What are the responsibilities and job description for the AI Embedded Engineer position at VeeAR Projects Inc.?
Responsibilities
- Design and develop high-performance AI frameworks for large-scale distributed computation
- Optimize scalability and efficiency using Nvidia Dynamo Framework
- Work with distributed dataflow programming to orchestrate GPU workloads using Python and Kubernetes
- Integrate advanced LLMs into real-world applications, shaping the future of AI-driven software
- Contribute to building test-automation infrastructure for Kubernetes on large-scale GPU clusters.
- Help develop detailed test plans for different milestones and operationalize them in test-automation infrastructure.
- Own and conduct end-end system, scale and stress testing.
- Working together with SW leads and Technical Program Manager, qualify the releases.
- Attract and help build downstream production engineering talent.
- Role model and foster a culture of humility and innovation for product delivery.
Experience:
- 3–8 years of experience in software engineering, ideally at a staff level
- Strong expertise in distributed dataflow programming and distributed systems
- Hands-on experience with LLMs and AI frameworks
- Proficiency in Python, with experience orchestrating GPU workloads
- Experience with Kubernetes for containerized application deployment and orchestration
- Experience working in systems & systems SW, Cloud and Kubernetes.

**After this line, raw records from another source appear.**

text \<open>Iterating \<phi>(w) = a w + b gives \<phi>_n(w) = a^n w + b_n with b_n = (1 + a + ... + a^(n-1)) b, and
  the substitution u = a^n w + b_n gives |C_\<phi>^n f|^2 = a^(-(2+\<alpha>)n) P(Re b_n) / \<pi>, where P(c) is the
  integral of |f(u)|^2 (Re u - c)^\<alpha> over Re u > c.

  If a \<ge> 1 the orbit is bounded, because P(c) \<le> K P(0) for c \<ge> 0. For \<alpha> \<ge> 0 this is monotonicity
  of the weight. For \<alpha> < 0 the weight is singular at Re u = c; there |f(u)|^2 is bounded by its means
  over the circles of radius between c/4 and c/2 around u, which moves the singular weight to a region
  where (Re u)^\<alpha> is comparable; the price is the integrability of |cos|^\<alpha>.

  If a < 1 then Re b_n \<le> Re b / (1 - a), so P(Re b_n) is bounded below by a weighted integral of |f|^2
  over a fixed half-plane, which is positive unless f = 0. Hence the orbit is either identically 0 or
  bounded away from 0.\<close>

lemma cos_ge_one_minus_square_half:
  fixes y :: real assumes "y \<ge> 0" shows "1 - y\<^sup>2 / 2 \<le> cos y"
proof -
  let ?f = "\<lambda>x. cos x - 1 + x\<^sup>2 / 2"
  have "\<And>u. \<lbrakk>0 \<le> u; u \<le> y\<rbrakk> \<Longrightarrow> (?f has_real_derivative (u - sin u)) (at u)"
    by (auto intro!: derivative_eq_intros simp: field_simps)
  then have "?f 0 \<le> ?f y"
    by (intro DERIV_nonneg_imp_nondecreasing [OF assms]) (metis diff_ge_0_iff_ge sin_x_le_x)
  then show ?thesis by simp
qed
(* Let $\varSigma$ be a surface diffeomorphic to $T^2$ or to the Klein bottle. If $\mathrm{D}$ is any flat connection on $\varSigma$ and $\xi$ is any $1$-form on $\varSigma$, then the connection $\nabla=\mathrm{D}-\xi\otimes\mathrm{Id}$ on $\varSigma$ (i.e.\ $\nabla_vw=\mathrm{D}_vw-\xi(v)w$) has skew-symmetric Ricci tensor. Conversely, every connection on $\varSigma$ with skew-symmetric Ricci tensor equals $\mathrm{D}-\xi\otimes\mathrm{Id}$ for some flat connection $\mathrm{D}$ on $\varSigma$ and some $1$-form $\xi$ on $\varSigma$.
   Context: Connections are in $T\varSigma$ and may have torsion. Curvature: $R(u,v)w=\nabla_v\nabla_u w-\nabla_u\nabla_v w+\nabla_{[u,v]}w$; Ricci tensor: $\rho(u,v)=\mathrm{tr}[w\mapsto R(u,w)v]$. *)

theory Defs
  imports "HOL-Analysis.Analysis"
begin

text \<open>We model a compact surface as a quotient of the plane (real^2) by a group of
  affine deck transformations p |-> A p + c acting freely and properly discontinuously.
  Klein bottle: (x,y) |-> (x + m, (-1)^m y + n), m n integers; this group is generated by
  (x,y) |-> (x+1,-y) and (x,y) |-> (x,y+1).\<close>

type_synonym pt = "real^2"
type_synonym deck = "(real^2^2) \<times> (real^2)"
(* Let ${\mathbb K}$ be a field, $n\geqslant 2$ and $N$ a positive integer. Let $L$ be a set of lines of $\mathrm{AG}_n({\mathbb K})$, let $D\subseteq\mathrm{PG}_{n-1}({\mathbb K})$ be the set of directions of the lines of $L$, and let $S$ be a set of points of $\mathrm{AG}_n({\mathbb K})$ such that every line of $L$ is incident with at least $N$ points of $S$. If $D$ contains an $N^{n-1}$ grid then, for any positive integer $r$, $$\binom{2r+n-2}{n}|S|\geqslant\binom{rN+n-1}{n}.$$
   Context: The direction of an affine line $\{u+\lambda v:\lambda\in{\mathbb K}\}$ is the point $\langle v\rangle$ of $\mathrm{PG}_{n-1}({\mathbb K})$. An $N^{n-1}$ grid in $\mathrm{PG}_{n-1}({\mathbb K})$ is a point set which, with respect to a suitable basis, has the form $\{\langle(a_1,\ldots,a_{n-1},1)\rangle : a_i\in A_i\}$, where each $A_i\subseteq{\mathbb K}$ has size $N$. *)

theory Defs
  imports "HOL-Analysis.Analysis"
begin

text \<open>Points of AG_n(K) are vectors of type 'k^'n, with n = CARD('n).\<close>

definition affine_line :: "('k::field ^ 'n) set \<Rightarrow> bool" where
  "affine_line l \<longleftrightarrow> (\<exists>u v. v \<noteq> 0 \<and> l = {u + c *s v | c. True})"

text \<open>The projective point spanned by a vector v (the 1-dim subspace).\<close>
definition proj_pt :: "'k::field ^ 'n \<Rightarrow> ('k ^ 'n) set" where
  "proj_pt v = {c *s v | c. True}"

text \<open>Direction of a line: the subspace of differences of its points, i.e. proj_pt v
  for the line {u + c v}.\<close>
definition direction :: "('k::field ^ 'n) set \<Rightarrow> ('k ^ 'n) set" where
  "direction l = {x - y | x y. x \<in> l \<and> y \<in> l}"

text \<open>An N^(n-1) grid with respect to the basis given by the columns of an invertible
  matrix M, the coordinate i0 playing the role of the last coordinate.\<close>
definition is_grid :: "nat \<Rightarrow> ('k::field ^ 'n) set set \<Rightarrow> bool" where
  "is_grid N G \<longleftrightarrow> (\<exists>(M::'k^'n^'n) (i0::'n) (A::'n \<Rightarrow> 'k set).
      invertible M \<and> (\<forall>i. i \<noteq> i0 \<longrightarrow> finite (A i) \<and> card (A i) = N) \<and>
      G = {proj_pt (M *v x) | x. x $ i0 = 1 \<and> (\<forall>i. i \<noteq> i0 \<longrightarrow> x $ i \<in> A i)})"

end

theory Submission
  imports Defs "HOL-Computational_Algebra.Polynomial" "HOL-Library.Multiset"
begin

text \<open>If the inequality failed, counting monomials against linear conditions would give a nonzero
  polynomial \<open>f\<close> of degree less than \<open>rN\<close> all of whose Hasse derivatives of order at most
  \<open>2r - 2\<close> vanish on \<open>S\<close>. For \<open>|\<gamma>| < r\<close> the derivative \<open>D\<^sup>\<gamma>f\<close> then vanishes to order at
  least \<open>r\<close> at the \<open>N\<close> points of \<open>S\<close> on a line of \<open>L\<close>, but has degree less than \<open>rN\<close>
  along it; so its restriction to the line is zero, and so is its leading coefficient, which is
  \<open>D\<^sup>\<gamma>f\<^sub>t\<^sub>o\<^sub>p\<close> evaluated at the direction of the line (\<open>f\<^sub>t\<^sub>o\<^sub>p\<close> the homogeneous part
  of top degree). Thus \<open>f\<^sub>t\<^sub>o\<^sub>p\<close> vanishes to order \<open>r\<close> on the \<open>N\<^bsup>n-1\<^esup>\<close> grid of
  directions, and a multiplicity version of the Combinatorial Nullstellensatz forces
  \<open>deg f\<^sub>t\<^sub>o\<^sub>p \<ge> rN\<close>, a contradiction.\<close>

section \<open>Polynomials as coefficient functions\<close>

text \<open>A polynomial in the variables \<open>'n\<close> is given by its coefficient function on exponent
  vectors. Evaluation sums over the support, so it is only meaningful for finite support.\<close>

definition mpow :: "('n::finite \<Rightarrow> 'a::comm_ring_1) \<Rightarrow> ('n \<Rightarrow> nat) \<Rightarrow> 'a" where
  "mpow x \<alpha> = (\<Prod>i\<in>UNIV. x i ^ \<alpha> i)"

definition mpoly_eval :: "(('n::finite \<Rightarrow> nat) \<Rightarrow> 'a::comm_ring_1) \<Rightarrow> ('n \<Rightarrow> 'a) \<Rightarrow> 'a" where
  "mpoly_eval c x = (\<Sum>\<alpha> | c \<alpha> \<noteq> 0. c \<alpha> * mpow x \<alpha>)"

definition total_degree :: "('n::finite \<Rightarrow> nat) \<Rightarrow> nat" where
  "total_degree \<alpha> = sum \<alpha> UNIV"

definition index_box :: "nat \<Rightarrow> ('n::finite \<Rightarrow> nat) set" where
  "index_box B = {\<alpha>. \<forall>i. \<alpha> i \<le> B}"

definition homogeneous_part :: "nat \<Rightarrow> (('n::finite \<Rightarrow> nat) \<Rightarrow> 'a::zero) \<Rightarrow> ('n \<Rightarrow> nat) \<Rightarrow> 'a" where
  "homogeneous_part D c \<alpha> = (if total_degree \<alpha> = D then c \<alpha> else 0)"

lemma finite_homogeneous_part_support:
  "finite {\<alpha>. c \<alpha> \<noteq> 0} \<Longrightarrow> finite {\<alpha>. homogeneous_part D c \<alpha> \<noteq> 0}"
  by (rule finite_subset[rotated]) (auto simp: homogeneous_part_def)

lemma total_degree_homogeneous_part_support: "homogeneous_part D c \<alpha> \<noteq> 0 \<Longrightarrow> total_degree \<alpha> = D"
  by (simp add: homogeneous_part_def split: if_splits)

- Experience with production-testing and automation of Kubernetes deployments.
Preferred Qualifications:
- Master's or similar qualification in a relevant field.
- Experience with scalable test and automation infrastructure to productionize workloads.
- Experience with GPU platforms (e.g., Nvidia DGX, H100) and high-performance computing environments.
- Experience triaging customer bugs, prioritizing, and resolving issues in production.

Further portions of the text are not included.